The Company respectfully acknowledges the Staff’s comment and has revised the disclosure on pages 1, 66 and 88 to disclose the specific number of customers.

 

6.You state that the chart on page 66 reflects the growth over time of work actions per customer, for customers with more than 10 users on our platform. We also note that the y- axis of the chart is labeled as "work actions per user." Please revise to clarify whether the chart depicts work actions per customer or work actions per user.

 

Response:

 

The Company respectfully acknowledges the Staff’s comment and has revised the disclosure on page 69 to remove the chart that included “work actions per user.”

 

7.On pages 66 and 68, you discuss enterprise customers and also state as of December 31, 2019 and 2020, your customers with more than 10 users represented 52% and 61% of your annual recurring revenue, respectively. Please revise to clarify whether these customers with more than 10 users all meet your definition of enterprise customer.

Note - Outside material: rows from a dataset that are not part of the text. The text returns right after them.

lemma nbhd_subset_V: "nbhd v \<subseteq> V"
  using edge_in_V by blast

lemma finite_nbhd: "finite (nbhd v)"
  using finite_subset[OF nbhd_subset_V finite_V] .

lemma no_triangle: "E a b \<Longrightarrow> E b c \<Longrightarrow> E a c \<Longrightarrow> False"
proof -
  assume ab: "E a b" and bc: "E b c" and ac: "E a c"
  have "has_cycle_of_length V E 3"
    unfolding has_cycle_of_length_def
  proof (intro conjI exI[of _ "[a, b, c]"] allI impI)
    fix i :: nat assume "i < 3"
    then have "i = 0 \<or> i = 1 \<or> i = 2" by auto
    then show "E ([a, b, c] ! i) ([a, b, c] ! ((i + 1) mod 3))"
      using ab bc ac edge_sym by auto
  qed (use ab bc ac edge_irrefl edge_in_V in auto)
  then show False using girth by (auto simp: girth_at_least_def)
qed

lemma common_nbrs_unique:
  assumes "E x p" "E x q" "E y p" "E y q" "p \<noteq> q"
  shows "x = y"
proof (rule ccontr)
  assume "x \<noteq> y"
  have "has_cycle_of_length V E 4"
    unfolding has_cycle_of_length_def
  proof (intro conjI exI[of _ "[x, p, y, q]"] allI impI)
    fix i :: nat assume "i < 4"
    then have "i = 0 \<or> i = 1 \<or> i = 2 \<or> i = 3" by auto
    then show "E ([x, p, y, q] ! i) ([x, p, y, q] ! ((i + 1) mod 4))"
      using assms edge_sym by auto
  next
    show "distinct [x, p, y, q]" using assms \<open>x \<noteq> y\<close> edge_irrefl by auto
  qed (use assms edge_in_V in auto)
  then show False using girth by (auto simp: girth_at_least_def)
qed

lemma degree_eq_card_nbhd: "degree V E v = card (nbhd v)"
proof -
  have "{w\<in>V. E v w} = nbhd v" using edge_in_V by blast
  then show ?thesis unfolding degree_def by simp
qed

lemma card_nbhd_le_max_degree: "v \<in> V \<Longrightarrow> card (nbhd v) \<le> max_degree V E"
  unfolding max_degree_def degree_eq_card_nbhd[symmetric]
  using finite_V by (intro Max_ge) auto

inductive_set forced_fixed :: "('a \<Rightarrow> nat) \<Rightarrow> 'a set" for \<phi> where
  unique_profile: "v \<in> V \<Longrightarrow>
    (\<And>w. w \<in> V \<Longrightarrow> w \<noteq> v \<Longrightarrow> \<phi> w = \<phi> v \<Longrightarrow> \<phi> ` nbhd w = \<phi> ` nbhd v \<Longrightarrow> w \<in> forced_fixed \<phi>)
    \<Longrightarrow> v \<in> forced_fixed \<phi>"
| two_fixed_nbrs: "v \<in> V \<Longrightarrow> p \<in> forced_fixed \<phi> \<Longrightarrow> q \<in> forced_fixed \<phi> \<Longrightarrow> p \<noteq> q \<Longrightarrow>
    E v p \<Longrightarrow> E v q \<Longrightarrow> v \<in> forced_fixed \<phi>"
| unique_colour_at_fixed_nbr: "v \<in> V \<Longrightarrow> p \<in> forced_fixed \<phi> \<Longrightarrow> E p v \<Longrightarrow>
    (\<And>x. E p x \<Longrightarrow> x \<noteq> v \<Longrightarrow> \<phi> x = \<phi> v \<Longrightarrow> x \<in> forced_fixed \<phi>) \<Longrightarrow> v \<in> forced_fixed \<phi>"

lemma automorphism_nbhd:
  assumes f: "automorphism V E f" and v: "v \<in> V"
  shows "nbhd (f v) = f ` nbhd v"
proof
  have adj: "x \<in> V \<Longrightarrow> y \<in> V \<Longrightarrow> E x y \<longleftrightarrow> E (f x) (f y)" for x y
    using f by (auto simp: automorphism_def)
  show "f ` nbhd v \<subseteq> nbhd (f v)" using adj edge_in_V by blast
  show "nbhd (f v) \<subseteq> f ` nbhd v"
  proof
    fix y assume "y \<in> nbhd (f v)"
    then have "y \<in> V" "E (f v) y" using edge_in_V by auto
    moreover obtain u where "u \<in> V" "y = f u"
      using \<open>y \<in> V\<close> f unfolding automorphism_def by (metis bij_betw_imp_surj_on imageE)
    ultimately show "y \<in> f ` nbhd v" using adj[OF v] by blast
  qed
qed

If this group of customers with more than 10 users includes non-enterprise customers as well, please revise to also disclose the percentage of your annual recurring revenue represented by your enterprise customers.

 

Response:

 

The Company respectfully acknowledges the Staff’s comment and has revised the disclosure on page 71 to clarify that customers with more than 10 users include both enterprise and non-enterprise customers.

 

Additionally, the Company respectfully advises the Staff that its management does not track the annual recurring revenue generated from enterprise customers independently from the annual recurring revenue generated from customers with more than 10 users because the annual recurring revenue generated by enterprise customers is immaterial due to the low quantum of such customers in 2019 and 2020. The Company had 76 and 264 enterprise customers in 2019 and 2020, respectively, as disclosed on pages 2, 71 and 89. While the Company continues to target such customers and uses metrics associated with their growth rates to measure its success in expanding usage among existing customers, such customers do not make up a material percentage of its annual recurring revenue.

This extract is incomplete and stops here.